Фасо не ответил. Он молча отстранил Нурдову руку, сжимающую клинок, молча вскарабкался на телегу, и она, вихляя колесами, покатилась во тьму.
Нурд закусил губу.
— Плохо, — сказал он. — Это очень плохо, если Амд решился их обучать.
Витязь замолк, пошел было к костру, но приостановился вдруг, обернулся:
— А всего хуже, что Фасо не побоялся этакую тайну раскрыть, единственно только чтоб меня напугать. Либо он ума напрочь лишился от злости, либо... Либо уже совсем готовы они.
6
Если в горшок с колодезной водой не спеша лить кипяток, то вода потеплеет сперва чуть-чуть, потом сильнее, а потом либо кипяток закончится, либо не останется места в горшке. Так же бывает и когда Бездонная принимается вливать лето в зимние холода.

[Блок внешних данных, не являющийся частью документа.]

lemma psd_on_hermitian:
  assumes "psd_on I M" "finite I" "x \<in> I" "y \<in> I"
  shows "M y x = cnj (M x y)"
proof (cases "x = y")
  case True
  then show ?thesis
    using psd_on_diag_nonneg[OF assms(1-3)] by (simp add: less_eq_complex_def complex_eq_iff)
next
  case False
  have diag: "Im (M x x) = 0" "Im (M y y) = 0"
    using psd_on_diag_nonneg[OF assms(1,2)] assms(3,4) by (auto simp: less_eq_complex_def)
  have "psd_on {x, y} M"
    using psd_on_subset[OF assms(1,2)] assms(3,4) by simp
  then have "0 \<le> quad_form {x, y} M (\<lambda>z. if z = x then 1 else c)" for c
    unfolding psd_on_iff_quad_form_nonneg by blast
  moreover have "quad_form {x, y} M (\<lambda>z. if z = x then 1 else c)
      = M x x + M x y * c + cnj c * M y x + cnj c * M y y * c" for c
    using False by (simp add: quad_form_def)
  ultimately have "Im (M x x + M x y * c + cnj c * M y x + cnj c * M y y * c) = 0" for c
    by (simp add: less_eq_complex_def)
  from this[of 1] this[of \<i>] diag show ?thesis
    by (auto simp: complex_eq_iff)
qed

lemma psd_on_diag_zero:
  assumes "psd_on I M" "finite I" "x \<in> I" "y \<in> I" "M x x = 0"
  shows "M x y = 0"
proof (rule ccontr)
  assume nz: "M x y \<noteq> 0"
  then have "x \<noteq> y" using assms(5) by auto
  have herm: "M y x = cnj (M x y)"
    using psd_on_hermitian[OF assms(1-4)] .
  define t where "t = (Re (M y y) + 1) / (2 * (cmod (M x y))\<^sup>2)"
  define s where "s = - of_real t * cnj (M x y)"
  have "s * M x y = - of_real (t * (cmod (M x y))\<^sup>2)"
    unfolding s_def by (subst of_real_mult, subst complex_norm_square) (simp add: mult_ac)
  also have "t * (cmod (M x y))\<^sup>2 = (Re (M y y) + 1) / 2"
    using nz by (simp add: t_def)
  finally have sb: "s * M x y = - of_real ((Re (M y y) + 1) / 2)" .
  have "psd_on {x, y} M"
    using psd_on_subset[OF assms(1,2)] assms(3,4) by simp
  then have "0 \<le> quad_form {x, y} M (\<lambda>z. if z = x then cnj s else 1)"
    unfolding psd_on_iff_quad_form_nonneg by blast
  also have "quad_form {x, y} M (\<lambda>z. if z = x then cnj s else 1) = s * M x y + cnj (s * M x y) + M y y"
    using \<open>x \<noteq> y\<close> assms(5) herm by (simp add: quad_form_def)
  finally show False
    unfolding sb by (simp add: less_eq_complex_def)
qed

lemma psd_on_schur_complement:
  assumes psd: "psd_on (insert x I) M" and "finite I" "x \<notin> I"
  shows "psd_on I (\<lambda>u w. M u w - cnj (M x u) * M x w / M x x)"
proof (cases "M x x = 0")
  case True
  then show ?thesis
    using psd_on_subset[OF psd _ subset_insertI] \<open>finite I\<close> by simp
next
  case False
  have fin: "finite (insert x I)"
    using \<open>finite I\<close> by simp
  have herm: "M y x = cnj (M x y)" if "y \<in> I" for y
    using psd_on_hermitian[OF psd fin, of x y] that by simp
  show ?thesis
    unfolding psd_on_iff_quad_form_nonneg
  proof
    fix v
    define w where "w = (\<Sum>y\<in>I. M x y * v y)"
    define s where "s = - w / M x x"
    have row: "(\<Sum>y\<in>I. cnj (v y) * M y x) = cnj w"
      unfolding w_def cnj_sum complex_cnj_mult by (intro sum.cong refl) (simp add: herm)
    have upd: "(v(x := s)) y = v y" if "y \<in> I" for y
      using that \<open>x \<notin> I\<close> by auto
    have "quad_form (insert x I) M (v(x := s))
        = cnj s * M x x * s + (\<Sum>y\<in>I. cnj s * M x y * v y)
          + ((\<Sum>y\<in>I. cnj (v y) * M y x * s) + quad_form I M v)"
      using \<open>finite I\<close> \<open>x \<notin> I\<close>
      by (simp add: quad_form_def upd fun_upd_same sum.distrib add_ac del: fun_upd_apply)
    also have "\<dots> = cnj s * M x x * s + cnj s * w + cnj w * s + quad_form I M v"
      using row[symmetric] by (simp add: w_def sum_distrib_left sum_distrib_right mult.assoc)
    also have "\<dots> = quad_form I M v - cnj w * w / M x x"
    proof -
      have "cnj (M x x) = M x x"
        using psd_on_diag_nonneg[OF psd fin] by (simp add: less_eq_complex_def complex_eq_iff)
      then show ?thesis
        using False by (simp add: s_def field_simps)
    qed
    also have "cnj w * w / M x x = (\<Sum>a\<in>I. \<Sum>b\<in>I. cnj (v a) * (cnj (M x a) * M x b / M x x) * v b)"
      by (simp add: w_def sum_distrib_left sum_distrib_right sum_divide_distrib mult_ac)
    also have "quad_form I M v - \<dots> = quad_form I (\<lambda>u w. M u w - cnj (M x u) * M x w / M x x) v"
      by (simp add: quad_form_def right_diff_distrib left_diff_distrib sum_subtractf)
    finally show "0 \<le> quad_form I (\<lambda>u w. M u w - cnj (M x u) * M x w / M x x) v"
      using psd fin unfolding psd_on_iff_quad_form_nonneg by metis
  qed
qed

Леф не мог заметить начало весны, и это не только потому, что вновь тяжко захворал в то время. Ведь даже потом, когда разрешили ему выходить из хижины и объяснили, что зима кончилась, он, хоть и пытался, не сумел заметить какие-либо перемены в Мире.
Да, снег на Лесистом Склоне потемнел, его почти не стало, и Рыжая наполнилась стремительной мутной водой. Да, вроде бы потеплели дни. Ну и что с того? Такое уже бывало зимой, но всегда ненадолго. И теперь холода, наверное, только и ждут случая воротиться. Потому что ночами твердеющая земля по-прежнему обрастает инеем, словно искристым мехом, а частые суетливые дождики со смертью солнца оборачиваются мельтешением сырых неуклюжих хлопьев.
Лишь через несколько дней Леф вдруг осознал, что земля и небо вкрадчиво, почти незаметно для глаз меняли свои цвета. То есть нет, цвета в общем-то оставались теми же. Низкие тяжелые тучи, как и раньше, были серы, но видневшаяся сквозь них голубизна становилась пронзительнее, ярче и проглядывала все чаще.
А земля... Прежде в бурых космах прошлогодней мертвой травы лишь кое-где упрямые стебли продолжали еще цепляться за свою полную мучений жизнь. Но с каждым теплым днем зелени становилось больше; даже на казавшихся безнадежно мертвыми плешинах вытоптанной глины пробивалась чистая зеленая шерстка.
И это было только началом. Вскоре после пришествия бешеных, настоящая весна обрушилась на Мир. В считанные дни все стало другим, и, чтобы не заметить этого, следовало бы уродиться слепым, глухим, лишенным дара осязания недоумком.
А потом... Потом, наверное, у Бездонной вышел весь ее кипяток. Перемены закончились. Наступило лето.
Зато стало меняться другое. Исчез Фасо — эту новость принесла Гуфа. Она появилась в хижине Хона дней через десять после победы над проклятыми, выгнала Раху в огород и рассказала, что на послушнической заимке побывали гости: два старца в сером (не иначе как из числа Истовых), а при них сутулый человечишко с лицом, обезображенным так, словно когда-то кожу с него клочьями драли. Когда же старцев увезли, урода с ними не было — похоже, он остался жить на заимке. Все время гостевания Истовых небо над жилищем носящих серое по ночам рдело от факелов, из-за частокола слышалось неустанное пение, и все послушники чего-то очень боялись.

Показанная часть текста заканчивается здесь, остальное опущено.